Blessed with a distinctive soulful voice which combines a faux-Jamaican accent with the Cockney twang of his Hackney birthplace and the Irish lilt of his County Wexford upbringing, 21-year-old Michael Stafford, aka Maverick Sabre, first came to attention fronting abrasive slabs of dubstep by Chase & Status and Professor Green.
However, there's very little in the way of massive bass wobbles on his debut album, Lonely Are the Brave, which neatly fills the retro-hip-hop soul gap left by Plan B's recent ventures into other fields.
Indeed, the melancholic dissection of "Broken Britain" on understated opener "I Need" could well have been the first chapter of a Strickland Banks follow-up, as could the stripped-back acoustic blues of "Shooting the Stars," a stinging attack on police brutality, and the doo wop-tinged "No One," a heartfelt riposte to an ex-girlfriend which appears to borrow the melody from Ms.
Dynamite's "It Takes More." As authentic as the vintage Ronson-esque brass arrangements and socially conscious intentions are, Sabre only really begins to make his mark when he ventures into more uptempo territory, and nowhere more so than on the three sample-reliant tracks: "Let Me Go," a triumphant slice of brassy trip-hop which uses the same eerie Isaac Hayes string section as Portishead's "Glory Box"; the laid-back mid-'90s neo-soul of "Memories" (the Roots' "What They Do"), and the orchestral hip-hop of "These Days" (the Turtles' cover of the Byrds' "You Showed Me").

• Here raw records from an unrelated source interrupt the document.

(* Let $1<p<q\le\infty$ and define $F_{p,q}:\mathcal{S}(\mathbb{R})\setminus\{0\}\to\mathbb{R}_{>0}$ by \[F_{p,q}(f)=\frac{\|f\|_q\|\hat f\|_q}{\|f\|_p\|\hat f\|_p}.\] If there exist sequences $(f_n)_{n\ge1}$ and $(g_n)_{n\ge1}$ in $\mathcal{S}(\mathbb{R})\setminus\{0\}$ such that $\lim_{n\to\infty}F_{p,q}(f_n)=0$, $\lim_{n\to\infty}F_{p,q}(g_n)=\infty$, and $\lambda f_n+(1-\lambda)g_n\ne0$ for all $\lambda\in[0,1]$ and all $n\ge1$, then the image of $F_{p,q}$ is all of $\mathbb{R}_{>0}$.
   Context: $\mathcal{S}(\mathbb{R})$ is the space of Schwartz functions on $\mathbb{R}$; $\|\cdot\|_r$ is the $L^r(\mathbb{R})$ norm with respect to Lebesgue measure; the Fourier transform is $\hat f(\xi)=\int_{\mathbb{R}}f(x)e^{-2\pi i x\xi}\,dx$. *)

theory Defs
  imports "HOL-Analysis.Analysis" "HOL-Probability.Essential_Supremum"
begin

fun nth_deriv :: "nat \<Rightarrow> (real \<Rightarrow> complex) \<Rightarrow> real \<Rightarrow> complex" where
  "nth_deriv 0 f = f"
| "nth_deriv (Suc k) f = (\<lambda>x. vector_derivative (nth_deriv k f) (at x))"

definition schwartz :: "(real \<Rightarrow> complex) \<Rightarrow> bool" where
  "schwartz f \<longleftrightarrow>
     (\<forall>k x. (nth_deriv k f has_vector_derivative nth_deriv (Suc k) f x) (at x)) \<and>
     (\<forall>m k. bounded (range (\<lambda>x. \<bar>x\<bar> ^ m * norm (nth_deriv k f x))))"

definition Lnorm :: "ereal \<Rightarrow> (real \<Rightarrow> complex) \<Rightarrow> real" where
  "Lnorm r f = (if r = \<infinity> then real_of_ereal (esssup lborel (\<lambda>x. ereal (norm (f x))))
                else (integral\<^sup>L lborel (\<lambda>x. norm (f x) powr real_of_ereal r)) powr (1 / real_of_ereal r))"

definition fourier :: "(real \<Rightarrow> complex) \<Rightarrow> real \<Rightarrow> complex" where
  "fourier f \<xi> = integral\<^sup>L lborel (\<lambda>x. f x * cis (- 2 * pi * x * \<xi>))"

definition Fpq :: "real \<Rightarrow> ereal \<Rightarrow> (real \<Rightarrow> complex) \<Rightarrow> real" where
  "Fpq p q f = (Lnorm q f * Lnorm q (fourier f)) / (Lnorm (ereal p) f * Lnorm (ereal p) (fourier f))"

end

theory Submission
  imports Defs "HOL-Probability.Levy"
begin

(* Given y > 0, pick n with F(f n) < y < F(g n).  Along the segment l f_n + (1 - l) g_n,
   l in [0, 1], all functions are nonzero Schwartz functions, and F depends continuously on l,
   so the intermediate value theorem produces a Schwartz function with F = y.

   For continuity, the segment and the segment of Fourier transforms are dominated by a single
   C / (1 + x^2): the L^r norms then depend continuously on l by dominated convergence for finite r,
   and Lipschitz continuously for r = infinity.  For the Fourier transform of a Schwartz function h
   the bound C / (1 + xi^2) comes from the second difference h x - 2 h (x + d) + h (x + 2 d) with
   d = 1 / (2 xi): its transform is 4 hat h(xi), while two applications of the mean value
   inequality bound its L^1 norm by O(d^2).

   The denominators of F never vanish because the Fourier transform is injective: if the transform
   of an integrable h vanishes, then for u = Re h and u = Im h the positive and negative parts of u,
   normalised to probability densities, have the same characteristic function, so Levy's
   uniqueness theorem identifies them. *)

section \<open>Quadratic decay and \<open>L\<^sup>r\<close> norms\<close>

definition decays_quadratically :: "(real \<Rightarrow> complex) \<Rightarrow> bool" where
  "decays_quadratically u \<longleftrightarrow> continuous_on UNIV u \<and> (\<exists>C. \<forall>x. norm (u x) \<le> C / (1 + x\<^sup>2))"

lemma integrable_inverse_1_plus_square_cmult: "integrable lborel (\<lambda>x::real. C / (1 + x\<^sup>2))"
proof -
  have "integrable lborel (\<lambda>x::real. inverse (1 + x\<^sup>2))"
    using integrable_inverse_1_plus_square by (simp add: set_integrable_def einterval_def)
  then show ?thesis
    by (simp add: divide_inverse)
qed

lemma inverse_1_plus_square_le: "0 \<le> C \<Longrightarrow> C / (1 + x\<^sup>2) \<le> (C::real)"
  by (simp add: divide_le_eq add_pos_nonneg mult_le_cancel_left1)

lemma powr_le_inverse_1_plus_square:
  fixes t :: real
  assumes "0 \<le> t" "t \<le> D / (1 + x\<^sup>2)" "1 \<le> r"
  shows "t powr r \<le> D powr r / (1 + x\<^sup>2)"
proof (cases "t = 0")
  case False
  have "0 < D / (1 + x\<^sup>2)"
    using assms False by linarith
  moreover have "0 < 1 + x\<^sup>2"
    by (simp add: add_pos_nonneg)
  ultimately have D: "0 < D"
    by (simp add: zero_less_divide_iff)
  have "t \<le> D"
    using assms(2) inverse_1_plus_square_le[of D x] D by linarith
  then have "t powr r = t powr (r - 1) * t"
    using False assms by (simp add: powr_diff)
  also have "\<dots> \<le> D powr (r - 1) * (D / (1 + x\<^sup>2))"
  proof (rule mult_mono)
    show "t powr (r - 1) \<le> D powr (r - 1)"
      using powr_mono2 assms(1,3) \<open>t \<le> D\<close> by simp
  qed (use assms in simp_all)
  also have "\<dots> = D powr r / (1 + x\<^sup>2)"
    using D by (simp add: powr_diff)
  finally show ?thesis .
qed simp

lemma inverse_1_plus_square_le_shift:
  fixes x y :: real
  assumes "\<bar>y - x\<bar> \<le> 1" "0 \<le> C"
  shows "C / (1 + y\<^sup>2) \<le> 3 * C / (1 + x\<^sup>2)"
proof -
  have "x\<^sup>2 \<le> 2 * y\<^sup>2 + 2 * (x - y)\<^sup>2"
    using zero_le_power2[of "x - 2 * y"] by (simp add: power2_eq_square algebra_simps)
  moreover have "(x - y)\<^sup>2 \<le> 1"
    using assms(1) by (simp add: abs_square_le_1 abs_minus_commute)
  ultimately have "1 + x\<^sup>2 \<le> 3 * (1 + y\<^sup>2)"
    using zero_le_power2[of y] by argo
  then have "C * (1 + x\<^sup>2) \<le> C * (3 * (1 + y\<^sup>2))"
    using assms(2) by (rule mult_left_mono)
  then show ?thesis
    by (simp add: divide_simps add_pos_nonneg) (simp add: algebra_simps)
qed

lemma decays_quadratically_bound:
  assumes "decays_quadratically u"
  obtains C where "0 \<le> C" "\<And>x. norm (u x) \<le> C / (1 + x\<^sup>2)"
proof -
  obtain C where C: "\<And>x. norm (u x) \<le> C / (1 + x\<^sup>2)"
    using assms unfolding decays_quadratically_def by auto
  have "norm (u 0) \<le> C"
    using C[of 0] by simp
  then have "0 \<le> C"
    using norm_ge_zero order_trans by blast
  then show thesis
    using C by (rule that)
qed

lemma decays_quadratically_bounded:
  assumes "decays_quadratically u"
  obtains C where "\<And>x. norm (u x) \<le> C"
  using decays_quadratically_bound[OF assms] inverse_1_plus_square_le order_trans by metis

lemma decays_quadratically_measurable:
  "decays_quadratically u \<Longrightarrow> u \<in> borel_measurable lborel"
  unfolding decays_quadratically_def by (auto intro: borel_measurable_continuous_onI)

lemma decays_quadratically_integrable_powr:
  assumes "decays_quadratically u" "1 \<le> r"
  shows "integrable lborel (\<lambda>x. norm (u x) powr r)"
proof -
  obtain C where "0 \<le> C" "\<And>x. norm (u x) \<le> C / (1 + x\<^sup>2)"
    using decays_quadratically_bound[OF assms(1)] by blast
  then have bound: "norm (u x) powr r \<le> C powr r / (1 + x\<^sup>2)" for x
    using powr_le_inverse_1_plus_square assms(2) by simp
  have [measurable]: "u \<in> borel_measurable lborel"
    using assms(1) by (rule decays_quadratically_measurable)
  show ?thesis
  proof (rule Bochner_Integration.integrable_bound[OF integrable_inverse_1_plus_square_cmult])
    show "AE x in lborel. norm (norm (u x) powr r) \<le> norm (C powr r / (1 + x\<^sup>2))"
      using bound by (intro AE_I2) simp
  qed measurable
qed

Elsewhere, the ghostly reggae of "Cold Game" recalls Finley Quaye at his Brit Award-winning peak, the baggy beats of "Open My Eyes" and the summery East Coast vibes of "Sometimes" allow Sabre to showcase his impressive MC skills, while the falsetto-led chorus of the toe-tapping "Running Away" provides the album's most infectious hook.
An impassioned cover of Sam Cooke's revolutionary classic, "A Change Is Gonna Come" (chosen as a response to the 2011 London riots), proves Sabre is the real deal.
But the more compelling contemporary fare on Lonely Are the Brave suggests he should ditch the classic soul man routine and continue to embrace a sound as intriguing as his voice.